▶ [WORK TO BE COMPLETED]: Look through the records below for the line with "(\<exists>c0 c1 :: real.". Return that line and each one after it up to and including the line with "n = (\<Sum>k=1..n.", exactly.

▶ [DATA LISTING]:
* * * * * * *
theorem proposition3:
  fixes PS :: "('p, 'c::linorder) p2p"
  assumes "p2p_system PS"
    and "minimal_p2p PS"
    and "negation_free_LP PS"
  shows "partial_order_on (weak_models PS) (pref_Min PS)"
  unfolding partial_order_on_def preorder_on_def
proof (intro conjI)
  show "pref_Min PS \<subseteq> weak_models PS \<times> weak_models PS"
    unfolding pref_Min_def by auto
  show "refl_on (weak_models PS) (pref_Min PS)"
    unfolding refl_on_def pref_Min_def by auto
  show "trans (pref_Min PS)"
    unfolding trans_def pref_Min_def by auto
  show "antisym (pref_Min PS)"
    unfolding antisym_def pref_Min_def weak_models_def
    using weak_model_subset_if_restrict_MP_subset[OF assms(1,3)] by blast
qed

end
* * * * * * *
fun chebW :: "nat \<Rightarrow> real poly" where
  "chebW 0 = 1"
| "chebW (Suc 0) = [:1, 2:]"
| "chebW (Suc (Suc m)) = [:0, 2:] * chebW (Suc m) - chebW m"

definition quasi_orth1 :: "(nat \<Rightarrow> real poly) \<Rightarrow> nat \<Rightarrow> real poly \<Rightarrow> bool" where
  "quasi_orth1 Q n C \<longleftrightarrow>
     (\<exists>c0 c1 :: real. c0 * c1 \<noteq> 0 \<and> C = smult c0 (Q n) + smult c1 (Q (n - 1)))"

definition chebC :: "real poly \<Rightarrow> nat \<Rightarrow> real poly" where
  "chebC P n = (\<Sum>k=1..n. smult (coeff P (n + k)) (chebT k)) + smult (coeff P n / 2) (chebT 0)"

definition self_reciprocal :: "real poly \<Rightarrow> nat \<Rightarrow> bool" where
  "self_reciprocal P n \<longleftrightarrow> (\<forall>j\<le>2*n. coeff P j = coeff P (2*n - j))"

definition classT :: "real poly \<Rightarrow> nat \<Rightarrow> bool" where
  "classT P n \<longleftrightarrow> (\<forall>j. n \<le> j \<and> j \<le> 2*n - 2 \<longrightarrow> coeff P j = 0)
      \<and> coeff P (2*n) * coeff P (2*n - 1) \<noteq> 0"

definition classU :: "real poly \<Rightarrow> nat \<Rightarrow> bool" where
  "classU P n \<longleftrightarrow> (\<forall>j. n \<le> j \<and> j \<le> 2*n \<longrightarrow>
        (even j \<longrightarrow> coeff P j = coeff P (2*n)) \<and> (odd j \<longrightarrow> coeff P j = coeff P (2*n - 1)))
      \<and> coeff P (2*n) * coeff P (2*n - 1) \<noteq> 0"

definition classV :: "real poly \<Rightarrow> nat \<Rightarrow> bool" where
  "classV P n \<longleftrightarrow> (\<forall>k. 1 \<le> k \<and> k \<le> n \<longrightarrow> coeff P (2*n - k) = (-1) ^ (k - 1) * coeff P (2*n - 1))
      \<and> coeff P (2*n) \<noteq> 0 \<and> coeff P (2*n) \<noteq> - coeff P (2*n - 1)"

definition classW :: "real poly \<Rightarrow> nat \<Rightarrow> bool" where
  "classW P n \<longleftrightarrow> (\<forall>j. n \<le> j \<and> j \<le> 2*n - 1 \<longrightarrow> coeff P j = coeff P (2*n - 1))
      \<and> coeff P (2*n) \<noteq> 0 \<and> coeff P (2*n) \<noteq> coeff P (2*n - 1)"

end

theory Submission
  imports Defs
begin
* * * * * * *
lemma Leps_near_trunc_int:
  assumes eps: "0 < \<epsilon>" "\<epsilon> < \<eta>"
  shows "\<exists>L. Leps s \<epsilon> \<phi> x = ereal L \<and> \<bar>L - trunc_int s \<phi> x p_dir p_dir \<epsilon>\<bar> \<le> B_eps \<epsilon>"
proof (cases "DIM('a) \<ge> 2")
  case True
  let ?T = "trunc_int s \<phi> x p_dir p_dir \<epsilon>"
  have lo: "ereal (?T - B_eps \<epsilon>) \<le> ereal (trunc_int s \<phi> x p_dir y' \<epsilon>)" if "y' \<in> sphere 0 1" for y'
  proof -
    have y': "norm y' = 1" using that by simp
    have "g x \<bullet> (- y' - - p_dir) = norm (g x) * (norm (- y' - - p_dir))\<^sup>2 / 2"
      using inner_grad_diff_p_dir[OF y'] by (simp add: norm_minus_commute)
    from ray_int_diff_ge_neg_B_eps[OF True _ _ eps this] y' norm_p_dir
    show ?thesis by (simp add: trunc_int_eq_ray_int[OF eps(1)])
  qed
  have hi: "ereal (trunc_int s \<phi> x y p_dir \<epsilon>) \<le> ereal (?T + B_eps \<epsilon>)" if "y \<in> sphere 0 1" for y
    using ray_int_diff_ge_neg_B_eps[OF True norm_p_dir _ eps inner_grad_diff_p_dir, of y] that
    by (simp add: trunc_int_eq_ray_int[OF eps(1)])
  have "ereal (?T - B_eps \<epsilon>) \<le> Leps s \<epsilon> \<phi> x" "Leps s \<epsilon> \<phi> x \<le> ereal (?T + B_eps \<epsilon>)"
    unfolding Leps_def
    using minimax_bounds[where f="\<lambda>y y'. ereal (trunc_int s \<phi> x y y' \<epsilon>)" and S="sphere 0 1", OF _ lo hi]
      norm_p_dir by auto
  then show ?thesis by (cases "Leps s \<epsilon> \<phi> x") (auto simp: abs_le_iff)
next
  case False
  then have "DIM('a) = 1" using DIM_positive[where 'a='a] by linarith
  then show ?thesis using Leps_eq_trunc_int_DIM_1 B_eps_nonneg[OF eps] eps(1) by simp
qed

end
* * * * * * *
▶ [OUTPUT]:
     (\<exists>c0 c1 :: real. c0 * c1 \<noteq> 0 \<and> C = smult c0 (Q n) + smult c1 (Q (n - 1)))"

definition chebC :: "real poly \<Rightarrow> nat \<Rightarrow> real poly" where
  "chebC P n = (\<Sum>k=1..n. smult (coeff P (n + k)) (chebT k)) + smult (coeff P n / 2) (chebT 0)"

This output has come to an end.